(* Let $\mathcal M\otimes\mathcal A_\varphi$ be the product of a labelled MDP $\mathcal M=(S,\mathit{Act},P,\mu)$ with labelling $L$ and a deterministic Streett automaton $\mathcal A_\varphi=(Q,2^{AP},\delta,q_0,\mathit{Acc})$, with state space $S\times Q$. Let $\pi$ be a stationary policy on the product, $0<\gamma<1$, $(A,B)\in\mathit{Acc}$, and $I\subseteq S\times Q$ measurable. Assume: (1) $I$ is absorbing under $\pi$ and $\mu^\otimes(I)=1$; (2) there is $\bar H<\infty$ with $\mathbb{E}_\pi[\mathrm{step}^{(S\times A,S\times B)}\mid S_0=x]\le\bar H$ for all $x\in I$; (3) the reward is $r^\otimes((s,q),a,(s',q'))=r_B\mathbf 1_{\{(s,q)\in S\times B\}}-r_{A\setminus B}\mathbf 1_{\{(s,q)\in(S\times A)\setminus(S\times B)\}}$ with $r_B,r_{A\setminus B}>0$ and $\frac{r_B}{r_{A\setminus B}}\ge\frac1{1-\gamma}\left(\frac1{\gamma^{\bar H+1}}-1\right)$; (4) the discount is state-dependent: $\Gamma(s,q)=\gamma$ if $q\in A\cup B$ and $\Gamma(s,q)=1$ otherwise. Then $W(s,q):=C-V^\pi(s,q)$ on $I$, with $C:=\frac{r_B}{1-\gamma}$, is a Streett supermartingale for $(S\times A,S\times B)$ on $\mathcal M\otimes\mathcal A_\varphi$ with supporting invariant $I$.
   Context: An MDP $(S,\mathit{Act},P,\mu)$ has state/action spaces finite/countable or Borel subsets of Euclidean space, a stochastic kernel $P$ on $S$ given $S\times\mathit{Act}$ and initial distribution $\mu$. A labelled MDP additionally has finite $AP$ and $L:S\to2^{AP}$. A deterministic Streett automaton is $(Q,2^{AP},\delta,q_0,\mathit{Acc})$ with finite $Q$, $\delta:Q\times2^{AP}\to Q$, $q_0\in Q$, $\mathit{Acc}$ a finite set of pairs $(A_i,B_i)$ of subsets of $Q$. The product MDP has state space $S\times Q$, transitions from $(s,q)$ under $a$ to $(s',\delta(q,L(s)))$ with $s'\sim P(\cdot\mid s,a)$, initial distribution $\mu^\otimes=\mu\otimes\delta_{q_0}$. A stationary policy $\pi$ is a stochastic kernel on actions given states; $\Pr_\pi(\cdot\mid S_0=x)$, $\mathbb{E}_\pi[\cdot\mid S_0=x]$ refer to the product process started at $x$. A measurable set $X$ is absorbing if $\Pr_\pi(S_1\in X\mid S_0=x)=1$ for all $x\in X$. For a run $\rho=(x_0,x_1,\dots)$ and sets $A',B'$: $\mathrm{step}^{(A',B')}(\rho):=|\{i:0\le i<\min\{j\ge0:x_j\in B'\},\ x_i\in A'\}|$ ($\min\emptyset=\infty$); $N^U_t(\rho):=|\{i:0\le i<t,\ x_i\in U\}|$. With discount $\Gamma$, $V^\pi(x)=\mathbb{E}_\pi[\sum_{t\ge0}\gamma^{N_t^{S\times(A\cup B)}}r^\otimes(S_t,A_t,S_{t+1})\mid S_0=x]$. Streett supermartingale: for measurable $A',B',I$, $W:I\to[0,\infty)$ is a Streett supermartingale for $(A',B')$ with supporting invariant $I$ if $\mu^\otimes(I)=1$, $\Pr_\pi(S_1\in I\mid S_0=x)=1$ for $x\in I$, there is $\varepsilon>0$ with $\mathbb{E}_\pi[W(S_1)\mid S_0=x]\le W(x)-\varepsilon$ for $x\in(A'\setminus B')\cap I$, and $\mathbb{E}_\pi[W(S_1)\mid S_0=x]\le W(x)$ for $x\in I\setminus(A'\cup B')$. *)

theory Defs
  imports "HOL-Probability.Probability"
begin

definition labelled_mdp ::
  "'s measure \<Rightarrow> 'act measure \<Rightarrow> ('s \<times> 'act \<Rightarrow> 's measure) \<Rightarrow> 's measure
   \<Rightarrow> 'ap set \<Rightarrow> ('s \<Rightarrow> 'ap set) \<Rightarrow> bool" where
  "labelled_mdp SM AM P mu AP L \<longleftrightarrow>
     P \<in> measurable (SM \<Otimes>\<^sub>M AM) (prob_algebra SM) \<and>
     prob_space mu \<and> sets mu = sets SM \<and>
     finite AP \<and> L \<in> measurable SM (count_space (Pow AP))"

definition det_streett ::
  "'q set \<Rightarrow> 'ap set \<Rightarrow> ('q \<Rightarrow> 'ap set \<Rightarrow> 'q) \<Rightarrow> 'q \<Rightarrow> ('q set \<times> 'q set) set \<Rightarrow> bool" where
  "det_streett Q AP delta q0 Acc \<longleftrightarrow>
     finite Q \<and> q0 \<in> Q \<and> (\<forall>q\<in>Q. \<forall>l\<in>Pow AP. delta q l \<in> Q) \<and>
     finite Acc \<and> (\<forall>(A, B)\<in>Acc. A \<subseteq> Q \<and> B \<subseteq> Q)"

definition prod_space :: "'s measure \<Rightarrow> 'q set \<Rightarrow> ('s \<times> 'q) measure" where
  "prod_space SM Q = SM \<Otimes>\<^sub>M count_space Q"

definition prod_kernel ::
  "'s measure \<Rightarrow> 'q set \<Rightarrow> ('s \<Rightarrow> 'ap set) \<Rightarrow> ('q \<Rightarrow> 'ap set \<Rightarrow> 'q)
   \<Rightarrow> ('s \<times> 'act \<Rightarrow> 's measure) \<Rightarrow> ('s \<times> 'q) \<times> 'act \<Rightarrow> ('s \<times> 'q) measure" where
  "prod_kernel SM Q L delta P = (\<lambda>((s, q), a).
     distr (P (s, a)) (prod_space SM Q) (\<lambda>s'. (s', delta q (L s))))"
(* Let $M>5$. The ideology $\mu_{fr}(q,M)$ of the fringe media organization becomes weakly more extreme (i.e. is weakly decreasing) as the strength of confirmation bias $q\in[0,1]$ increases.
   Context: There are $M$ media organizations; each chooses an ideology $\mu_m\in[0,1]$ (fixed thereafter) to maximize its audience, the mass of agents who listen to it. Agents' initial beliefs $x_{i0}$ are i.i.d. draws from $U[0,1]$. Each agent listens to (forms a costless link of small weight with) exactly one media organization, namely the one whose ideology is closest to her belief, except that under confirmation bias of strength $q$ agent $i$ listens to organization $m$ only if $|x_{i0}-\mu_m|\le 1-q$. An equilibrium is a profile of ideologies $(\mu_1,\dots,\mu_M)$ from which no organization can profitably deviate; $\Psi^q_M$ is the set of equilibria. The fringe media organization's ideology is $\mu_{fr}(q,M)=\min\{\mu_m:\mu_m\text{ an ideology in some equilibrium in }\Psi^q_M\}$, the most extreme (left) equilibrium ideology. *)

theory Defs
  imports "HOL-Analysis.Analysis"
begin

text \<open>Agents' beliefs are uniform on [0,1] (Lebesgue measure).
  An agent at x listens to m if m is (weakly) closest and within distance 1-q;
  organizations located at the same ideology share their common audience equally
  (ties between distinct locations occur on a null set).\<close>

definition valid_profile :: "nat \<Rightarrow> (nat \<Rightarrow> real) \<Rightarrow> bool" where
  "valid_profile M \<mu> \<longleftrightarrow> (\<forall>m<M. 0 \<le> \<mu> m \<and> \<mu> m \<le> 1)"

◆ **Assigned task**: Could you restate the listing above word for word?

◆ **Written solution**:
(* Let $\mathcal M\otimes\mathcal A_\varphi$ be the product of a labelled MDP $\mathcal M=(S,\mathit{Act},P,\mu)$ with labelling $L$ and a deterministic Streett automaton $\mathcal A_\varphi=(Q,2^{AP},\delta,q_0,\mathit{Acc})$, with state space $S\times Q$. Let $\pi$ be a stationary policy on the product, $0<\gamma<1$, $(A,B)\in\mathit{Acc}$, and $I\subseteq S\times Q$ measurable. Assume: (1) $I$ is absorbing under $\pi$ and $\mu^\otimes(I)=1$; (2) there is $\bar H<\infty$ with $\mathbb{E}_\pi[\mathrm{step}^{(S\times A,S\times B)}\mid S_0=x]\le\bar H$ for all $x\in I$; (3) the reward is $r^\otimes((s,q),a,(s',q'))=r_B\mathbf 1_{\{(s,q)\in S\times B\}}-r_{A\setminus B}\mathbf 1_{\{(s,q)\in(S\times A)\setminus(S\times B)\}}$ with $r_B,r_{A\setminus B}>0$ and $\frac{r_B}{r_{A\setminus B}}\ge\frac1{1-\gamma}\left(\frac1{\gamma^{\bar H+1}}-1\right)$; (4) the discount is state-dependent: $\Gamma(s,q)=\gamma$ if $q\in A\cup B$ and $\Gamma(s,q)=1$ otherwise. Then $W(s,q):=C-V^\pi(s,q)$ on $I$, with $C:=\frac{r_B}{1-\gamma}$, is a Streett supermartingale for $(S\times A,S\times B)$ on $\mathcal M\otimes\mathcal A_\varphi$ with supporting invariant $I$.
   Context: An MDP $(S,\mathit{Act},P,\mu)$ has state/action spaces finite/countable or Borel subsets of Euclidean space, a stochastic kernel $P$ on $S$ given $S\times\mathit{Act}$ and initial distribution $\mu$. A labelled MDP additionally has finite $AP$ and $L:S\to2^{AP}$. A deterministic Streett automaton is $(Q,2^{AP},\delta,q_0,\mathit{Acc})$ with finite $Q$, $\delta:Q\times2^{AP}\to Q$, $q_0\in Q$, $\mathit{Acc}$ a finite set of pairs $(A_i,B_i)$ of subsets of $Q$. The product MDP has state space $S\times Q$, transitions from $(s,q)$ under $a$ to $(s',\delta(q,L(s)))$ with $s'\sim P(\cdot\mid s,a)$, initial distribution $\mu^\otimes=\mu\otimes\delta_{q_0}$. A stationary policy $\pi$ is a stochastic kernel on actions given states; $\Pr_\pi(\cdot\mid S_0=x)$, $\mathbb{E}_\pi[\cdot\mid S_0=x]$ refer to the product process started at $x$. A measurable set $X$ is absorbing if $\Pr_\pi(S_1\in X\mid S_0=x)=1$ for all $x\in X$. For a run $\rho=(x_0,x_1,\dots)$ and sets $A',B'$: $\mathrm{step}^{(A',B')}(\rho):=|\{i:0\le i<\min\{j\ge0:x_j\in B'\},\ x_i\in A'\}|$ ($\min\emptyset=\infty$); $N^U_t(\rho):=|\{i:0\le i<t,\ x_i\in U\}|$. With discount $\Gamma$, $V^\pi(x)=\mathbb{E}_\pi[\sum_{t\ge0}\gamma^{N_t^{S\times(A\cup B)}}r^\otimes(S_t,A_t,S_{t+1})\mid S_0=x]$. Streett supermartingale: for measurable $A',B',I$, $W:I\to[0,\infty)$ is a Streett supermartingale for $(A',B')$ with supporting invariant $I$ if $\mu^\otimes(I)=1$, $\Pr_\pi(S_1\in I\mid S_0=x)=1$ for $x\in I$, there is $\varepsilon>0$ with $\mathbb{E}_\pi[W(S_1)\mid S_0=x]\le W(x)-\varepsilon$ for $x\in(A'\setminus B')\cap I$, and $\mathbb{E}_\pi[W(S_1)\mid S_0=x]\le W(x)$ for $x\in I\setminus(A'\cup B')$. *)

theory Defs
  imports "HOL-Probability.Probability"
begin

definition labelled_mdp ::
  "'s measure \<Rightarrow> 'act measure \<Rightarrow> ('s \<times> 'act \<Rightarrow> 's measure) \<Rightarrow> 's measure
   \<Rightarrow> 'ap set \<Rightarrow> ('s \<Rightarrow> 'ap set) \<Rightarrow> bool" where
  "labelled_mdp SM AM P mu AP L \<longleftrightarrow>
     P \<in> measurable (SM \<Otimes>\<^sub>M AM) (prob_algebra SM) \<and>
     prob_space mu \<and> sets mu = sets SM \<and>
     finite AP \<and> L \<in> measurable SM (count_space (Pow AP))"

definition det_streett ::
  "'q set \<Rightarrow> 'ap set \<Rightarrow> ('q \<Rightarrow> 'ap set \<Rightarrow> 'q) \<Rightarrow> 'q \<Rightarrow> ('q set \<times> 'q set) set \<Rightarrow> bool" where
  "det_streett Q AP delta q0 Acc \<longleftrightarrow>
     finite Q \<and> q0 \<in> Q \<and> (\<forall>q\<in>Q. \<forall>l\<in>Pow AP. delta q l \<in> Q) \<and>
     finite Acc \<and> (\<forall>(A, B)\<in>Acc. A \<subseteq> Q \<and> B \<subseteq> Q)"

definition prod_space :: "'s measure \<Rightarrow> 'q set \<Rightarrow> ('s \<times> 'q) measure" where
  "prod_space SM Q = SM \<Otimes>\<^sub>M count_space Q"

definition prod_kernel ::
  "'s measure \<Rightarrow> 'q set \<Rightarrow> ('s \<Rightarrow> 'ap set) \<Rightarrow> ('q \<Rightarrow> 'ap set \<Rightarrow> 'q)
   \<Rightarrow> ('s \<times> 'act \<Rightarrow> 's measure) \<Rightarrow> ('s \<times> 'q) \<times> 'act \<Rightarrow> ('s \<times> 'q) measure" where
  "prod_kernel SM Q L delta P = (\<lambda>((s, q), a).
     distr (P (s, a)) (prod_space SM Q) (\<lambda>s'. (s', delta q (L s))))"
(* Let $M>5$. The ideology $\mu_{fr}(q,M)$ of the fringe media organization becomes weakly more extreme (i.e. is weakly decreasing) as the strength of confirmation bias $q\in[0,1]$ increases.
   Context: There are $M$ media organizations; each chooses an ideology $\mu_m\in[0,1]$ (fixed thereafter) to maximize its audience, the mass of agents who listen to it. Agents' initial beliefs $x_{i0}$ are i.i.d. draws from $U[0,1]$. Each agent listens to (forms a costless link of small weight with) exactly one media organization, namely the one whose ideology is closest to her belief, except that under confirmation bias of strength $q$ agent $i$ listens to organization $m$ only if $|x_{i0}-\mu_m|\le 1-q$. An equilibrium is a profile of ideologies $(\mu_1,\dots,\mu_M)$ from which no organization can profitably deviate; $\Psi^q_M$ is the set of equilibria. The fringe media organization's ideology is $\mu_{fr}(q,M)=\min\{\mu_m:\mu_m\text{ an ideology in some equilibrium in }\Psi^q_M\}$, the most extreme (left) equilibrium ideology. *)

theory Defs
  imports "HOL-Analysis.Analysis"
begin

text \<open>Agents' beliefs are uniform on [0,1] (Lebesgue measure).
  An agent at x listens to m if m is (weakly) closest and within distance 1-q;
  organizations located at the same ideology share their common audience equally
  (ties between distinct locations occur on a null set).\<close>

definition valid_profile :: "nat \<Rightarrow> (nat \<Rightarrow> real) \<Rightarrow> bool" where
  "valid_profile M \<mu> \<longleftrightarrow> (\<forall>m<M. 0 \<le> \<mu> m \<and> \<mu> m \<le> 1)"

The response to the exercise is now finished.